Another basis for the space of symmetric polynomials are the elementary symmetric polynomials associated with partitions. The elementary symmetric polynomial for a partition is defined as the product of elementary symmetric polynomials corresponding to each part, where the elementary symmetric polynomial of degree r is the sum of all multilinear monomials of degree r.

The elementary symmetric polynomial for a partition \lambda and variables x_1,x_2,x_3,\ldots,x_m is defined as e_\lambda(x_1,x_2,\ldots,x_m).

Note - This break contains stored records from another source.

lemma nn_integral_lborel_pair_mult:
  fixes f :: "'a::euclidean_space \<Rightarrow> ennreal" and g :: "'b::euclidean_space \<Rightarrow> ennreal"
  assumes [measurable]: "f \<in> borel_measurable borel" "g \<in> borel_measurable borel"
  shows "(\<integral>\<^sup>+p. f (fst p) * g (snd p) \<partial>lborel) = (\<integral>\<^sup>+x. f x \<partial>lborel) * (\<integral>\<^sup>+y. g y \<partial>lborel)"
proof -
  have [measurable]: "(\<lambda>p. f (fst p) * g (snd p)) \<in> borel_measurable (borel :: ('a \<times> 'b) measure)"
    by (simp add: borel_prod[symmetric])
  have "(\<integral>\<^sup>+p. f (fst p) * g (snd p) \<partial>lborel) = (\<integral>\<^sup>+y. (\<integral>\<^sup>+x. f x \<partial>lborel) * g y \<partial>lborel)"
    by (subst nn_integral_lborel_pair) (simp_all add: nn_integral_multc)
  also have "\<dots> = (\<integral>\<^sup>+x. f x \<partial>lborel) * (\<integral>\<^sup>+y. g y \<partial>lborel)"
    by (simp add: nn_integral_cmult)
  finally show ?thesis .
qed
(* Let $d\ge2$, $A\in\mathcal C^{d-1}$ and $C\in\mathcal C^d_A$. Then for every $a\in[0,\tfrac12]$, $$\mu_A\Big(\big\{\mathbf x\in\mathbb I^{d-1}: |r_C(\mathbf x)-\tfrac12|\ge a\big\}\Big)\le\min\{1,\,2-4a\}.$$
   Context: $\mathbb I=[0,1]$, $\lambda$ Lebesgue measure. A $d$-copula $C\in\mathcal C^d$ is the distribution function on $\mathbb I^d$ of a probability measure $\mu_C$ with uniform univariate marginals; points are $(\mathbf x,y)$, $\mathbf x\in\mathbb I^{d-1}$. $C_{1:(d-1)}$ is the marginal copula of the first $d-1$ coordinates. For $A\in\mathcal C^{d-1}$, $\mathcal C^d_A=\{C\in\mathcal C^d: C_{1:(d-1)}=A\}$; for $d=2$, $\mu_A=\lambda$ and $\mathcal C^2_A=\mathcal C^2$. $K_C$ is the Markov kernel of $C$ w.r.t. the first $d-1$ coordinates: $\mu_C(B\times F)=\int_B K_C(\mathbf x,F)\,\mathrm d\mu_{C_{1:(d-1)}}(\mathbf x)$. Regression function $r_C(\mathbf x)=\int y\,K_C(\mathbf x,\mathrm dy)$. *)

theory Defs
  imports "HOL-Probability.Probability"
begin

text \<open>Points of \<open>\<real>^d\<close> are pairs \<open>(x, y)\<close> with \<open>x :: real^'n\<close>, so \<open>d - 1 = CARD('n) \<ge> 1\<close>.
  A copula is identified with its probability measure \<open>\<mu>_C\<close>.\<close>

definition unit_cube :: "(real^'n::finite) set" where
  "unit_cube = {x. \<forall>i. 0 \<le> x$i \<and> x$i \<le> 1}"

definition copula_measure :: "(real^'n::finite) measure \<Rightarrow> bool" where
  "copula_measure M \<longleftrightarrow> prob_space M \<and> sets M = sets (borel :: (real^'n::finite) measure) \<and>
     (\<forall>i. distr M borel (\<lambda>x. x$i) = uniform_measure lborel {0..1::real})"

definition dcopula_measure :: "((real^'n::finite) \<times> real) measure \<Rightarrow> bool" where
  "dcopula_measure M \<longleftrightarrow> prob_space M \<and> sets M = sets (borel :: ((real^'n::finite) \<times> real) measure) \<and>
     (\<forall>i. distr M borel (\<lambda>p. fst p $ i) = uniform_measure lborel {0..1::real}) \<and>
     distr M borel snd = uniform_measure lborel {0..1::real}"

definition markov_kernel_of ::
  "('a \<times> real) measure \<Rightarrow> 'a measure \<Rightarrow> ('a \<Rightarrow> real measure) \<Rightarrow> bool" where
  "markov_kernel_of M MA K \<longleftrightarrow>
     (\<forall>x. prob_space (K x) \<and> sets (K x) = sets (borel :: real measure)) \<and>
     (\<forall>F\<in>sets borel. (\<lambda>x. measure (K x) F) \<in> borel_measurable MA) \<and>
     (\<forall>B\<in>sets MA. \<forall>F\<in>sets borel.
        emeasure M (B \<times> F) = (\<integral>\<^sup>+x. emeasure (K x) F * indicator B x \<partial>MA))"

definition regression :: "('a \<Rightarrow> real measure) \<Rightarrow> 'a \<Rightarrow> real" where
  "regression K x = (\<integral>y. y \<partial>(K x))"

end

theory Submission
  imports Defs
begin

text \<open>Integrating the kernels \<open>K x\<close> against \<open>\<mu>\<^sub>A\<close> gives the law of the last coordinate,
  the uniform distribution on \<open>[0,1]\<close>. Let \<open>S\<close> be a set of mass \<open>p\<close> on which \<open>r\<^sub>C \<ge> t\<close>. Since
  \<open>y \<le> c + (y - c)\<^sup>+\<close> with \<open>c = 1 - p\<close>, integrating over \<open>S\<close> gives
  \<open>(t - c) p \<le> \<integral>\<^sub>0\<^sup>1 (y - c)\<^sup>+ dy = p\<^sup>2/2\<close>, i.e. \<open>p \<le> 2(1 - t)\<close>. Symmetrically, a set of mass \<open>q\<close>
  on which \<open>r\<^sub>C \<le> s\<close> satisfies \<open>q \<le> 2s\<close>. With \<open>t = 1/2 + a\<close> and \<open>s = 1/2 - a\<close> the two tails
  have mass at most \<open>1 - 2a\<close> each.\<close>

lemma nn_integral_uniform_pos_part:
  fixes c :: real
  assumes "0 \<le> c" "c \<le> 1"
  shows "(\<integral>\<^sup>+y. ennreal (max (y - c) 0) \<partial>uniform_measure lborel {0..1}) = ennreal ((1 - c)^2 / 2)"
proof -
  have "(\<integral>\<^sup>+y. ennreal (max (y - c) 0) \<partial>uniform_measure lborel {0..1})
      = (\<integral>\<^sup>+y. ennreal (max (y - c) 0) * indicator {0..1} y \<partial>lborel)"
    by (subst nn_integral_uniform_measure) (auto simp: divide_ennreal_def)
  also have "\<dots> = (\<integral>\<^sup>+y. ennreal (y - c) * indicator {c..1} y \<partial>lborel)"
    using assms by (intro nn_integral_cong) (auto simp: ennreal_neg split: split_indicator)
  also have "\<dots> = ennreal ((1 - c)^2 / 2)"
    using assms by (subst nn_integral_FTC_Icc[where F = "\<lambda>y. (y - c)^2 / 2"])
      (auto intro!: derivative_eq_intros)
  finally show ?thesis .
qed

lemma nn_integral_uniform_neg_part:
  fixes c :: real
  assumes "0 \<le> c" "c \<le> 1"
  shows "(\<integral>\<^sup>+y. ennreal (max (c - y) 0) \<partial>uniform_measure lborel {0..1}) = ennreal (c^2 / 2)"
proof -
  have "(\<integral>\<^sup>+y. ennreal (max (c - y) 0) \<partial>uniform_measure lborel {0..1})
      = (\<integral>\<^sup>+y. ennreal (max (c - y) 0) * indicator {0..1} y \<partial>lborel)"
    by (subst nn_integral_uniform_measure) (auto simp: divide_ennreal_def)
  also have "\<dots> = (\<integral>\<^sup>+y. ennreal (c - y) * indicator {0..c} y \<partial>lborel)"
    using assms by (intro nn_integral_cong) (auto simp: ennreal_neg split: split_indicator)
  also have "\<dots> = ennreal (c^2 / 2)"
    using assms by (subst nn_integral_FTC_Icc[where F = "\<lambda>y. c * y - y^2 / 2"])
      (auto intro!: derivative_eq_intros simp: power2_eq_square)
  finally show ?thesis .
qed

lemma integral_diff_le_nn_integral_pos_part:
  fixes f :: "'a \<Rightarrow> real"
  assumes "prob_space M" and f: "integrable M f"
  shows "ennreal ((\<integral>x. f x \<partial>M) - c) \<le> (\<integral>\<^sup>+x. ennreal (max (f x - c) 0) \<partial>M)"
proof -
  interpret prob_space M by fact
  have pos_part: "integrable M (\<lambda>x. max (f x - c) 0)"
    using f by (intro integrable_max) auto
  have "(\<integral>x. f x \<partial>M) - c = (\<integral>x. f x - c \<partial>M)"
    using f by (simp add: prob_space)
  also have "\<dots> \<le> (\<integral>x. max (f x - c) 0 \<partial>M)"
    using f pos_part by (intro integral_mono) auto
  finally have "ennreal ((\<integral>x. f x \<partial>M) - c) \<le> ennreal (\<integral>x. max (f x - c) 0 \<partial>M)"
    by (rule ennreal_leI)
  also have "\<dots> = (\<integral>\<^sup>+x. ennreal (max (f x - c) 0) \<partial>M)"
    using pos_part by (rule nn_integral_eq_integral[symmetric]) auto
  finally show ?thesis .
qed

lemma emeasure_mult_le_nn_integral_bind:
  assumes K: "K \<in> M \<rightarrow>\<^sub>M subprob_algebra N" and S: "S \<in> sets M" and g: "g \<in> borel_measurable N"
    and bound: "AE x in M. x \<in> S \<longrightarrow> t \<le> (\<integral>\<^sup>+y. g y \<partial>K x)"
  shows "t * emeasure M S \<le> (\<integral>\<^sup>+y. g y \<partial>(M \<bind> K))"
proof -
  have "t * emeasure M S = (\<integral>\<^sup>+x. t * indicator S x \<partial>M)"
    using S by (simp add: nn_integral_cmult_indicator)
  also have "\<dots> \<le> (\<integral>\<^sup>+x. \<integral>\<^sup>+y. g y \<partial>K x \<partial>M)"
    using bound by (intro nn_integral_mono_AE) (auto split: split_indicator)
  also have "\<dots> = (\<integral>\<^sup>+y. g y \<partial>(M \<bind> K))"
    using g K by (rule nn_integral_bind[symmetric])
  finally show ?thesis .
qed

lemma two_mul_le_of_ennreal_mult_le_half_square:
  fixes u p :: real
  assumes le: "ennreal u * ennreal p \<le> ennreal (p^2 / 2)" and "0 \<le> p" and "u \<le> p"
  shows "2 * u \<le> p"
proof (cases "0 < u \<and> 0 < p")
  case True
  then have "u * p \<le> p^2 / 2"
    using le by (simp add: ennreal_mult[symmetric] ennreal_le_iff)
  with True show ?thesis
    by (simp add: power2_eq_square)
qed (use assms in auto)
(* Assume $\operatorname{tr}(CH^{-1})>0$ and $\theta_0\ne\theta_*$. Let $N\ge1$, $\alpha=\min\Big\{\frac{\|\theta_0-\theta_*\|}{\sqrt{L\operatorname{tr}(CH^{-1})}\,N},\frac1L\Big\}$ and $\beta=\min\{N\alpha,1/L\}$, and run the noisy algorithm with these parameters. Then $$\mathbb{E}f(\theta_N)-f(\theta_* )\le\max\Big\{\frac{5\operatorname{tr}(CH^{-1})}{N},\ \frac{5\sqrt{\operatorname{tr}(CH^{-1})L}\,\|\theta_0-\theta_*\|}{N},\ \frac{2L\|\theta_0-\theta_*\|^2}{N^2}\Big\}.$$
   Context: Let $H\in\mathbb{R}^{d\times d}$ be symmetric positive definite with largest eigenvalue $L$, $q\in\mathbb{R}^d$, $f(\theta)=\frac12\langle\theta,H\theta\rangle-\langle q,\theta\rangle$, $\theta_*=H^{-1}q$. Let $(\varepsilon_n)_{n\ge2}$ be random vectors in $\mathbb{R}^d$ with $\mathbb{E}\varepsilon_n=0$, $\mathbb{E}[\varepsilon_n\varepsilon_m^\top]=0$ for $n\neq m$, and $\mathbb{E}[\varepsilon_n\varepsilon_n^\top]=C$ for all $n$, for a fixed positive semidefinite $C$. The noisy algorithm with parameters $\alpha,\beta$: given deterministic $\theta_0$, set $\theta_1=\theta_0$ and for $n\ge1$ $$\theta_{n+1}=\frac{2n}{n+1}\theta_n-\frac{n-1}{n+1}\theta_{n-1}-\frac{1}{n+1}\Big(n(\alpha+\beta)H(\theta_n-\theta_* )-(n-1)\beta H(\theta_{n-1}-\theta_* )-(n\alpha+\beta)\varepsilon_{n+1}\Big).$$ *)

theory Defs
  imports "HOL-Probability.Probability"
begin

definition quad_obj :: "real^'d^'d \<Rightarrow> real^'d \<Rightarrow> real^'d \<Rightarrow> real" where
  "quad_obj H q th = (1/2) * (th \<bullet> (H *v th)) - q \<bullet> th"

definition is_largest_eigenvalue :: "real^'d^'d \<Rightarrow> real \<Rightarrow> bool" where
  "is_largest_eigenvalue H L \<longleftrightarrow>
     (\<exists>v. v \<noteq> 0 \<and> H *v v = L *\<^sub>R v) \<and>
     (\<forall>mu v. v \<noteq> 0 \<and> H *v v = mu *\<^sub>R v \<longrightarrow> mu \<le> L)"

fun noisy_alg :: "real^'d^'d \<Rightarrow> real^'d \<Rightarrow> real \<Rightarrow> real \<Rightarrow> real^'d \<Rightarrow> (nat \<Rightarrow> real^'d)
                  \<Rightarrow> nat \<Rightarrow> real^'d" where
  "noisy_alg H ts a b th0 e 0 = th0"
| "noisy_alg H ts a b th0 e (Suc 0) = th0"
| "noisy_alg H ts a b th0 e (Suc (Suc n)) =
     (2 * real (Suc n) / real (Suc n + 1)) *\<^sub>R noisy_alg H ts a b th0 e (Suc n)
     - (real n / real (Suc n + 1)) *\<^sub>R noisy_alg H ts a b th0 e n
     - (1 / real (Suc n + 1)) *\<^sub>R
         ((real (Suc n) * (a + b)) *\<^sub>R (H *v (noisy_alg H ts a b th0 e (Suc n) - ts))
          - (real n * b) *\<^sub>R (H *v (noisy_alg H ts a b th0 e n - ts))
          - (real (Suc n) * a + b) *\<^sub>R e (Suc (Suc n)))"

The elementary symmetric polynomials are related to the Schur polynomials by the matrix of Kostka numbers, with one of the partitions conjugated:

e_{\mu}(x_1,x_2,\ldots,x_m) = \sum_\lambda K_{\tilde{\lambda}\mu} s_\lambda(x_1,x_2,\ldots,x_m)

where \tilde{\lambda} denotes the conjugate partition to \lambda.

Newton polynomials

The matrix for changing basis from Newton polynomials to Schur polynomials is the matrix of: character table of the symmetric group

Another basis for the space of symmetric polynomials are the Newton polynomials associated with partitions. The Newton polynomial associated with a partition is the product of Newton polynomials associated with each part, where the Newton polynomial of degree r is the sum of the r^{th} powers of all the variables.

The Newton polynomials are related to the Schur polynomials by the character table, viz:

p_\mu(x_1,x_2,\ldots,x_m) = \sum_\lambda \chi_\mu^\lambda s_\lambda (x_1,x_2,\ldots,x_m)

Here \chi_\mu^\lambda equals the character of the representation corresponding to \lambda on the conjugacy class corresponding to \mu.